■ **Material for this exercise**:
(* Let $N=(G=(V,E),\sigma,u,s)$ be a skew-symmetric network, $f$ an IS-flow in $N$, $g$ a shortest IS-flow in the network $(G^+,u_f)$, and $f':=f\oplus g$. Let $k$ and $k'$ be the minimum numbers of arcs of an r-augmenting path for $f$ and for $f'$, respectively (with $\min\emptyset=+\infty$). Then $k'\ge k$. Moreover, if $g$ is a shortest blocking IS-flow in $(G^+,u_f)$, then $k'>k$.
   Context: A skew-symmetric graph is a finite directed graph $G=(V,E)$ (parallel arcs allowed) with a map $\sigma$ of $V\cup E$ onto itself such that $\sigma(x)\ne x$, $\sigma(\sigma(x))=x$ for all $x$, $\sigma(V)=V$, and for each arc $a$ from $v$ to $w$, $\sigma(a)$ is an arc from $\sigma(w)$ to $\sigma(v)$. A function on arcs is symmetric if it takes equal values on $a$ and $\sigma(a)$. A skew-symmetric network $(H,\sigma,h,s)$ has a symmetric capacity $h:$ arcs $\to\mathbb Z_{\ge0}$ and source $s$, sink $s'=\sigma(s)$. A flow is a nonnegative function bounded by the capacity with conservation at all nodes other than $s,s'$; its value $|g|$ is the net outflow at $s$. An IS-flow is an integer-valued symmetric flow. $G^+=(V,E^+)$ is obtained from $G$ by adding for each arc $a=(x,y)\in E$ a reverse arc $a^R=(y,x)$, with $\sigma(a^R)=(\sigma(a))^R$; residual capacities $u_f(a)=u(a)-f(a)$ for $a\in E$, $u_f(a^R)=f(a)$; $(G^+,u_f)$ is a skew-symmetric network. For an IS-flow $g$ in $(G^+,u_f)$, $f\oplus g$ is the IS-flow in $N$ given by $(f\oplus g)(a)=f(a)+g(a)-g(a^R)$ for $a\in E$. For symmetric nonnegative integer $h$, a path $P$ is $h$-regular if $h(a)>0$ for all arcs $a$ of $P$ and $h(a)\ge2$ for every arc $a$ of $P$ whose mate $\sigma(a)$ is also on $P$. An r-augmenting path for $f$ is a $u_f$-regular path from $s$ to $s'$ in $G^+$. A regular path is one containing no pair of arcs $a,\sigma(a)$. The split-graph $S(H,h)$ replaces each arc $a=(x,y)$ by parallel arcs $a_1,a_2$ from $x$ to $y$ with capacities $\lceil h(a)/2\rceil,\lfloor h(a)/2\rfloor$, deleting zero-capacity arcs, with $\sigma(a_i)=(\sigma(a))_i$. $\mathrm{r\text{-}dist}_{S(H,h)}(s,s')$ is the minimum number of arcs of a regular $s$ to $s'$ path in $S(H,h)$ ($+\infty$ if none). For an IS-flow $g$ in $(H,h)$ with arc set $W$: $g$ is shortest if $\sum_{e\in W}g(e)=|g|\cdot\mathrm{r\text{-}dist}_{S(H,h)}(s,s')$; $g$ is shortest blocking if it is shortest and $\mathrm{r\text{-}dist}_{S(H,h-g)}(s,s')>\mathrm{r\text{-}dist}_{S(H,h)}(s,s')$. *)

theory Defs
  imports Main "HOL-Library.Extended_Nat"
begin

text \<open>The skew-symmetry sigma is split into a map sv on
 vertices and a map se on arcs.  Capacities and flows are integer-valued functions
 on arcs (only their values on E matter).\<close>

definition skew_sym_graph ::
  "'v set \<Rightarrow> 'a set \<Rightarrow> ('a \<Rightarrow> 'v) \<Rightarrow> ('a \<Rightarrow> 'v) \<Rightarrow> ('v \<Rightarrow> 'v) \<Rightarrow> ('a \<Rightarrow> 'a) \<Rightarrow> bool" where
  "skew_sym_graph V E src tgt sv se \<longleftrightarrow>
     finite V \<and> finite E \<and>
     (\<forall>a\<in>E. src a \<in> V \<and> tgt a \<in> V) \<and>
     (\<forall>v\<in>V. sv v \<in> V \<and> sv v \<noteq> v \<and> sv (sv v) = v) \<and>
     (\<forall>a\<in>E. se a \<in> E \<and> se a \<noteq> a \<and> se (se a) = a \<and>
              src (se a) = sv (tgt a) \<and> tgt (se a) = sv (src a))"
lemma regret_ge_quadratic_deficit:
  fixes F :: "real \<Rightarrow> real" and lam p :: "nat \<Rightarrow> real"
  assumes pol: "policy lmax lam" and st: "stationary lam p"
    and nonneg: "\<forall>x\<in>{0..lmax}. 0 \<le> F x"
    and tangent: "\<forall>x\<in>{0..lmax}. F x \<le> F 1 + s * (x - 1)"
    and quad: "\<forall>x\<in>{1..lmax}. F x \<le> F 1 + s * (x - 1) - c * (x - 1)\<^sup>2"
    and Fstar: "F 1 \<le> Fstar lmax F"
  shows "s * p 0 + c * (\<Sum>q. p q * (max (lam q - 1) 0)\<^sup>2) \<le> regret lmax F lam p"
proof -
  define u where "u q = max (lam q - 1) 0" for q
  have lam: "0 \<le> lam q" "lam q \<le> lmax" for q using pol by (auto simp: policy_def)
  have p_nonneg: "0 \<le> p q" for q using st by (simp add: stationary_def)
  have F_lam: "F (lam q) \<le> F 1 + s * (lam q - 1) - c * (u q)\<^sup>2" for q
    using tangent quad lam[of q] by (cases "lam q \<ge> 1") (auto simp: u_def)
  have "0 \<le> u q" "u q \<le> lmax" for q using lam[of q] lam(1)[of 0] by (auto simp: u_def)
  then have u_sums: "(\<lambda>q. p q * (u q)\<^sup>2) sums (\<Sum>q. p q * (u q)\<^sup>2)"
    by (intro summable_sums stationary_summable_bounded[OF st, of _ "lmax\<^sup>2"])
       (auto intro!: power_mono)
  have F_sums: "(\<lambda>q. p q * F (lam q)) sums (\<Sum>q. p q * F (lam q))"
  proof (intro summable_sums stationary_summable_bounded[OF st])
    fix q
    have "F (lam q) \<le> F 1 + s * (lam q - 1)" using tangent lam[of q] by simp
    also have "\<dots> \<le> \<bar>F 1\<bar> + \<bar>s\<bar> * \<bar>lam q - 1\<bar>" by (simp add: abs_mult[symmetric])
    also have "\<dots> \<le> \<bar>F 1\<bar> + \<bar>s\<bar> * (lmax + 1)" using lam[of q] by (intro add_left_mono mult_left_mono) auto
    finally have "F (lam q) \<le> \<bar>F 1\<bar> + \<bar>s\<bar> * (lmax + 1)" .
    moreover have "0 \<le> F (lam q)" using nonneg lam[of q] by simp
    ultimately show "\<bar>F (lam q)\<bar> \<le> \<bar>F 1\<bar> + \<bar>s\<bar> * (lmax + 1)" by simp
  qed
  have p_sums: "p sums 1" using st by (simp add: stationary_def)
  have bound_sums: "(\<lambda>q. F 1 * p q + s * (p q * lam q - p q) - c * (p q * (u q)\<^sup>2)) sums
      (F 1 * 1 + s * ((1 - p 0) - 1) - c * (\<Sum>q. p q * (u q)\<^sup>2))"
    by (intro sums_diff[OF sums_add[OF sums_mult[OF p_sums]
          sums_mult[OF sums_diff[OF stationary_sums_rate[OF st] p_sums]]] sums_mult[OF u_sums]])
  have "p q * F (lam q) \<le> F 1 * p q + s * (p q * lam q - p q) - c * (p q * (u q)\<^sup>2)" for q
    using mult_left_mono[OF F_lam p_nonneg] by (simp add: algebra_simps)
  then have "(\<Sum>q. p q * F (lam q)) \<le> F 1 - s * p 0 - c * (\<Sum>q. p q * (u q)\<^sup>2)"
    using sums_le[OF _ F_sums bound_sums] by simp
  then show ?thesis using Fstar by (simp add: regret_def u_def)
qed

lemma le_of_growth_bound:
  fixes p u :: "nat \<Rightarrow> real"
  assumes p_nonneg: "\<And>q. 0 \<le> p q" and growth: "\<And>q. p (Suc q) \<le> p q * (1 + u q)"
    and p_sums: "p sums 1" and u_summable: "summable (\<lambda>q. p q * (u q)\<^sup>2)" and "a > 0"
  shows "p n \<le> p 0 + (\<Sum>q. p q * (u q)\<^sup>2) / (2 * a) + a / 2"
proof -
  have "p n \<le> p 0 + (\<Sum>q<n. p q * u q)"
  proof (induction n)
    case (Suc n)
    then show ?case using growth[of n] by (simp add: algebra_simps)
  qed simp
  also have "(\<Sum>q<n. p q * u q) \<le> (\<Sum>q<n. p q * (u q)\<^sup>2 / (2 * a) + a / 2 * p q)"
  proof (rule sum_mono)
    fix q
    have "0 \<le> p q * (u q - a)\<^sup>2" using p_nonneg by simp
    then show "p q * u q \<le> p q * (u q)\<^sup>2 / (2 * a) + a / 2 * p q"
      using \<open>a > 0\<close> by (simp add: field_simps power2_eq_square)
  qed
  also have "\<dots> = (\<Sum>q<n. p q * (u q)\<^sup>2) / (2 * a) + a / 2 * (\<Sum>q<n. p q)"
    by (simp add: sum.distrib sum_divide_distrib sum_distrib_left)
  also have "\<dots> \<le> (\<Sum>q. p q * (u q)\<^sup>2) / (2 * a) + a / 2 * (\<Sum>q. p q)"
    using \<open>a > 0\<close> p_nonneg sums_summable[OF p_sums] u_summable
    by (intro add_mono divide_right_mono mult_left_mono sum_le_suminf) auto
  finally show ?thesis using sums_unique[OF p_sums] by simp
qed

lemma mean_queue_ge_by_head_mass:
  fixes p :: "nat \<Rightarrow> real"
  assumes p_nonneg: "\<And>i. 0 \<le> p i" and p_sums: "p sums 1" and head: "(\<Sum>i<K. p i) \<le> \<theta>"
  shows "ereal (real K * (1 - \<theta>)) \<le> mean_queue p"
proof (rule tendsto_le[OF _ tendsto_const])
  have "(\<lambda>n. \<Sum>i<n. p i) \<longlonglongrightarrow> 1" using p_sums by (simp add: sums_def)
  then show "(\<lambda>n. ereal (real K * ((\<Sum>i<n. p i) - \<theta>))) \<longlonglongrightarrow> ereal (real K * (1 - \<theta>))"
    by (intro tendsto_intros)
  show "eventually (\<lambda>n. ereal (real K * ((\<Sum>i<n. p i) - \<theta>)) \<le> mean_queue p) sequentially"
    unfolding eventually_sequentially
  proof (intro exI allI impI)
    fix n assume "K \<le> n"
    then have split: "(\<Sum>i<n. f i) = (\<Sum>i<K. f i) + (\<Sum>i\<in>{K..<n}. f i)" for f :: "nat \<Rightarrow> real"
      by (metis sum.atLeastLessThan_concat lessThan_atLeast0 zero_le)
    have "real K * ((\<Sum>i<n. p i) - \<theta>) \<le> (\<Sum>i\<in>{K..<n}. p i * real K)"
      using split[of p] head \<open>K \<le> n\<close>
      by (simp add: sum_distrib_left[symmetric] mult.commute[of _ "real K"] mult_left_mono)
    also have "\<dots> \<le> (\<Sum>i\<in>{K..<n}. p i * real i)"
      using p_nonneg by (intro sum_mono mult_left_mono) auto
    also have "\<dots> \<le> (\<Sum>i<n. p i * real i)"
      using split[of "\<lambda>i. p i * real i"] p_nonneg by (simp add: sum_nonneg)
    also have "ereal \<dots> = (\<Sum>i<n. ereal (p i * real i))" by simp
    also have "\<dots> \<le> mean_queue p"
      unfolding mean_queue_def by (rule suminf_upper) (simp add: p_nonneg)
    finally show "ereal (real K * ((\<Sum>i<n. p i) - \<theta>)) \<le> mean_queue p" by simp
  qed
qed simp

lemma mean_queue_ge_of_le:
  fixes p :: "nat \<Rightarrow> real"
  assumes p_nonneg: "\<And>i. 0 \<le> p i" and p_sums: "p sums 1" and p_le: "\<And>i. p i \<le> \<delta>"
    and "0 < \<delta>" and "\<delta> \<le> 1 / 8"
  shows "ereal (3 / (32 * \<delta>)) \<le> mean_queue p"
proof -
  define K where "K = nat \<lfloor>1 / (4 * \<delta>)\<rfloor>"
  have K_le: "real K \<le> 1 / (4 * \<delta>)" and K_ge: "1 / (4 * \<delta>) - 1 \<le> real K"
    using \<open>0 < \<delta>\<close> by (auto simp: K_def)
  have "(\<Sum>i<K. p i) \<le> real K * \<delta>"
    using sum_mono[of "{..<K}" p "\<lambda>_. \<delta>"] p_le by simp
  also have "\<dots> \<le> 1 / 4"
    using mult_right_mono[OF K_le, of \<delta>] \<open>0 < \<delta>\<close> by simp
  finally have "ereal (real K * (1 - 1 / 4)) \<le> mean_queue p"
    by (rule mean_queue_ge_by_head_mass[OF p_nonneg p_sums])
  moreover have "3 / (32 * \<delta>) \<le> real K * (1 - 1 / 4)"
    using K_ge \<open>0 < \<delta>\<close> \<open>\<delta> \<le> 1 / 8\<close> by (simp add: field_simps)
  ultimately show ?thesis by (meson ereal_less_eq(3) order.trans)
qed

lemma stationary_le_sqrt_regret:
  fixes F :: "real \<Rightarrow> real" and lam p :: "nat \<Rightarrow> real"
  assumes pol: "policy lmax lam" and st: "stationary lam p"
    and nonneg: "\<forall>x\<in>{0..lmax}. 0 \<le> F x"
    and tangent: "\<forall>x\<in>{0..lmax}. F x \<le> F 1 + s * (x - 1)"
    and quad: "\<forall>x\<in>{1..lmax}. F x \<le> F 1 + s * (x - 1) - c * (x - 1)\<^sup>2"
    and Fstar: "F 1 \<le> Fstar lmax F" and "s > 0" and "c > 0"
    and regret: "regret lmax F lam p \<le> \<epsilon>" and "0 < \<epsilon>" and "\<epsilon> \<le> 1"
  shows "p n \<le> (1 / s + 1 / (2 * c) + 1 / 2) * sqrt \<epsilon>"
proof -
  define u where "u q = max (lam q - 1) 0" for q
  define S where "S = (\<Sum>q. p q * (u q)\<^sup>2)"
  have lam: "0 \<le> lam q" "lam q \<le> lmax" for q using pol by (auto simp: policy_def)
  have p_nonneg: "0 \<le> p q" for q using st by (simp add: stationary_def)
  have "0 \<le> u q" "u q \<le> lmax" for q using lam[of q] lam(1)[of 0] by (auto simp: u_def)
  then have u_summable: "summable (\<lambda>q. p q * (u q)\<^sup>2)"
    by (intro stationary_summable_bounded[OF st, of _ "lmax\<^sup>2"]) (auto intro!: power_mono)
  have "s * p 0 + c * S \<le> \<epsilon>"
    using regret_ge_quadratic_deficit[OF pol st nonneg tangent quad Fstar] regret
    by (simp add: S_def u_def)
  moreover have "0 \<le> S" unfolding S_def using u_summable p_nonneg by (intro suminf_nonneg) auto
  moreover have "0 \<le> s * p 0" using p_nonneg[of 0] \<open>s > 0\<close> by simp
  ultimately have "s * p 0 \<le> \<epsilon>" "c * S \<le> \<epsilon>" using \<open>c > 0\<close> by (smt (verit) mult_nonneg_nonneg)+
  then have p0: "p 0 \<le> \<epsilon> / s" and S: "S \<le> \<epsilon> / c"
    using \<open>s > 0\<close> \<open>c > 0\<close> by (simp_all add: field_simps)
  have "p (Suc q) \<le> p q * (1 + u q)" for q
    using stationary_Suc[OF st, of q] p_nonneg[of q] by (auto simp: u_def intro!: mult_left_mono)
  then have "p n \<le> p 0 + S / (2 * sqrt \<epsilon>) + sqrt \<epsilon> / 2"
    unfolding S_def using \<open>0 < \<epsilon>\<close> st
    by (intro le_of_growth_bound[OF p_nonneg _ _ u_summable]) (auto simp: stationary_def)
  also have "\<dots> \<le> \<epsilon> / s + \<epsilon> / c / (2 * sqrt \<epsilon>) + sqrt \<epsilon> / 2"
    using p0 S \<open>0 < \<epsilon>\<close> by (intro add_mono divide_right_mono) auto
  also have "\<epsilon> / c / (2 * sqrt \<epsilon>) = 1 / (2 * c) * sqrt \<epsilon>"
  proof -
    have "\<epsilon> / c / (2 * sqrt \<epsilon>) = sqrt \<epsilon> * sqrt \<epsilon> / (sqrt \<epsilon> * (2 * c))"
      using \<open>0 < \<epsilon>\<close> by (simp add: mult.commute)
    also have "\<dots> = sqrt \<epsilon> / (2 * c)"
      using \<open>0 < \<epsilon>\<close> by (intro nonzero_mult_divide_mult_cancel_left) simp
    finally show ?thesis by simp
  qed
  also have "\<epsilon> / s \<le> 1 / s * sqrt \<epsilon>"
  proof -
    have "\<epsilon> = sqrt \<epsilon> * sqrt \<epsilon>" using \<open>0 < \<epsilon>\<close> by simp
    also have "\<dots> \<le> sqrt \<epsilon>" using \<open>\<epsilon> \<le> 1\<close> \<open>0 < \<epsilon>\<close> by (intro mult_left_le) auto
    finally show ?thesis using \<open>s > 0\<close> by (simp add: divide_right_mono)
  qed
  finally show ?thesis by (simp add: algebra_simps)
qed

■ **What to work on**: Find all lines holding the word "rule" in the records above and copy them.

■ **Reply**:
  proof (rule sum_mono)
proof (rule tendsto_le[OF _ tendsto_const])
      unfolding mean_queue_def by (rule suminf_upper) (simp add: p_nonneg)
    by (rule mean_queue_ge_by_head_mass[OF p_nonneg p_sums])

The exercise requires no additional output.